A fair reader should note that Faros sells engineering-measurement tooling, so a story about quality quietly degrading is not a neutral finding from a disinterested party, and a single vendor’s telemetry is correlational, not causal. The reason to trust the direction anyway is that it does not stand alone: the independent studies cited later in this chapter, the security-flaw audits, the randomized developer-slowdown trial, the trust-and-verification surveys, all point the same way, and the convergence of a vendor’s telemetry with disinterested research is what makes the pattern hard to wave off. The speedup is real. It means the speedup landed entirely on one side of the pipe. As one engineering writer put it, the team optimized the input side and never expanded the output. You can generate in an afternoon what used to take a sprint, and then the afternoon’s work sits in a queue behind a human who reads at human speed, and the queue is where the bugs and the incidents and the un-reviewed thirty-one percent come from. The bottleneck did not disappear. It moved downstream, to verification, and verification is harder to scale than generation because it is the part that requires understanding the whole.

The job inverted, and the new job is the hard half

Jensen Huang said the quiet part out loud at the start of 2026, telling engineers they should stop writing code and start directing and supervising the code the machine writes. Whatever you think of the source, the description is accurate, and you can see it in how the loop changed. The old developer loop was think, write, compile, debug, a loop where the human produced the artifact and the machine checked it. The new loop is frame, delegate, evaluate, constrain, integrate, a loop where the machine produces the artifact and the human checks it. The human moved from author to reviewer. That is not a small change in tooling. It is an inversion of which half of the work is the human’s.

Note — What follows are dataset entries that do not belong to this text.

lemma is_norm_l1_coordinates:
  assumes N: "is_norm N" and "N u = 1" "N w = 1"
    and orth: "birkhoff_orth N u (w - u)" and three: "N (2 *\<^sub>R u - w) = 3"
  shows "N (\<alpha> *\<^sub>R u + \<beta> *\<^sub>R w) = \<bar>\<alpha>\<bar> + \<bar>\<beta>\<bar>"
proof -
  have "N (u + w) = N u + N w"
  proof (rule antisym)
    have "u + w = 2 *\<^sub>R (u + (1/2) *\<^sub>R (w - u))"
      by (simp add: scaleR_add_right scaleR_diff_right scaleR_2)
    moreover have "N u \<le> N (u + (1/2) *\<^sub>R (w - u))"
      using orth unfolding birkhoff_orth_def by blast
    ultimately show "N u + N w \<le> N (u + w)"
      using \<open>N u = 1\<close> \<open>N w = 1\<close> by (simp add: is_norm_scaleR[OF N])
  qed (rule is_norm_triangle[OF N])
  then have plus: "N (l *\<^sub>R u + m *\<^sub>R w) = l + m" if "0 \<le> l" "0 \<le> m" for l m
    using is_norm_additive_cone[OF N _ that] \<open>N u = 1\<close> \<open>N w = 1\<close> by simp
  have reflection: "N (2 *\<^sub>R u + - w) = N (2 *\<^sub>R u) + N (- w)"
    using three \<open>N u = 1\<close> \<open>N w = 1\<close> by (simp add: is_norm_scaleR[OF N] is_norm_minus[OF N])
  have minus: "N (l *\<^sub>R u - m *\<^sub>R w) = l + m" if "0 \<le> l" "0 \<le> m" for l m
  proof -
    have "N ((l / 2) *\<^sub>R (2 *\<^sub>R u) + m *\<^sub>R (- w)) = (l / 2) * N (2 *\<^sub>R u) + m * N (- w)"
      by (rule is_norm_additive_cone[OF N reflection]) (use that in simp_all)
    moreover have "(l / 2) *\<^sub>R (2 *\<^sub>R u) + m *\<^sub>R (- w) = l *\<^sub>R u - m *\<^sub>R w" by simp
    ultimately show ?thesis
      using \<open>N u = 1\<close> \<open>N w = 1\<close> by (simp add: is_norm_scaleR[OF N] is_norm_minus[OF N])
  qed
  have nonneg: "N (\<alpha> *\<^sub>R u + \<beta> *\<^sub>R w) = \<bar>\<alpha>\<bar> + \<bar>\<beta>\<bar>" if "0 \<le> \<alpha>" for \<alpha> \<beta>
  proof (cases "0 \<le> \<beta>")
    case False
    then show ?thesis using minus[of \<alpha> "- \<beta>"] that by simp
  qed (use plus that in simp)
  show ?thesis
  proof (cases "0 \<le> \<alpha>")
    case False
    have "N (\<alpha> *\<^sub>R u + \<beta> *\<^sub>R w) = N ((- \<alpha>) *\<^sub>R u + (- \<beta>) *\<^sub>R w)"
      using is_norm_minus[OF N, of "\<alpha> *\<^sub>R u + \<beta> *\<^sub>R w"] by (simp add: algebra_simps)
    then show ?thesis using nonneg[of "- \<alpha>" "- \<beta>"] False by simp
  qed (rule nonneg)
qed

And here is the part the inversion stories leave out: the half that stayed human is the hard half. Writing code was the part we knew how to teach, measure, and speed up. Reviewing code, really reviewing it, holding the system in your head and judging whether a change preserves its guarantees, was always the senior, scarce, slow part. The inversion did not hand the human the easy work. It handed the human nothing but the hard work, at a volume the hard work was never able to sustain, and then a chart showed throughput going up.

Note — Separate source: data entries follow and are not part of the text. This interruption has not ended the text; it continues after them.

lemma fps_binomial_in_rat_powers_1X:
  assumes "0 \<le> r"
  shows "fps_binomial (r :: rat) \<in> rat_powers_1X"
proof -
  obtain a b where r: "r = of_int a / of_int b" and "0 < b"
    using quotient_of_denom_pos quotient_of_div by (metis surj_pair)
  with assms have "0 \<le> a" by (simp add: zero_le_divide_iff)
  have "fps_binomial r ^ nat b = (1 + fps_X) ^ nat a"
    using \<open>0 < b\<close> \<open>0 \<le> a\<close> by (simp add: fps_binomial_power r flip: fps_binomial_of_nat)
  then show ?thesis
    unfolding rat_powers_1X_def using \<open>0 < b\<close>
    by (intro CollectI conjI exI[of _ "nat b"] exI[of _ "nat a"]) simp_all
qed

lemma CQ_action_subset_rat_powers_1X: "CQ_action \<subseteq> rat_powers_1X \<union> inverse ` rat_powers_1X"
proof
  fix h assume "h \<in> CQ_action"
  then obtain r where h: "h = fps_binomial r" by (auto simp: CQ_action_def)
  show "h \<in> rat_powers_1X \<union> inverse ` rat_powers_1X"
  proof (cases "0 \<le> r")
    case False
    have "fps_binomial (- r) * h = 1" by (simp add: h flip: fps_binomial_add_mult)
    then have "h = inverse (fps_binomial (- r))" by (simp add: fps_inverse_unique)
    moreover have "fps_binomial (- r) \<in> rat_powers_1X"
      using False by (intro fps_binomial_in_rat_powers_1X) simp
    ultimately show ?thesis by blast
  qed (simp add: h fps_binomial_in_rat_powers_1X)
qed

theorem proposition2p1:
  shows "countable (theta_ker CQ_action)
       \<and> (CARD('p::prime_card) \<noteq> 2 \<longrightarrow> countable (theta_ker (C_action :: 'p mod_ring fps set)))"
proof (intro conjI impI)
  \<comment> \<open>the argument works in every characteristic\<close>
  show "countable (theta_ker CQ_action)"
    by (rule countable_theta_ker[OF _ CQ_action_subset_rat_powers_1X]) simp
  show "countable (theta_ker (C_action :: 'p mod_ring fps set))"
    by (rule countable_theta_ker[OF _ C_action_subset_rat_powers_1X]) (simp add: countable_finite)
qed

end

There is a sociological wrinkle here that makes it worse, and it is worth naming because it is invisible in the metrics. When the AI reviewer and the human reviewer disagree, developers tend to trust the human, even when the AI is objectively right. The deference runs toward the person. That is healthy when the person has the deeper context and corrosive when the person is a buried senior skimming their fortieth diff of the day, because now the one safeguard, human judgment, is being applied by a human who has been made into a throughput device.

What it looks like on one team

Make it concrete. Picture a payments team at a mid-sized company, six engineers, two of them senior, shipping the service that moves customer money. They adopt a coding agent, and for the first month it is wonderful. Features that sat in the backlog for quarters ship in days. The agent is fluent, it writes plausible tests, it even writes the boilerplate nobody wanted to write. Velocity, the number the team reports upward, doubles.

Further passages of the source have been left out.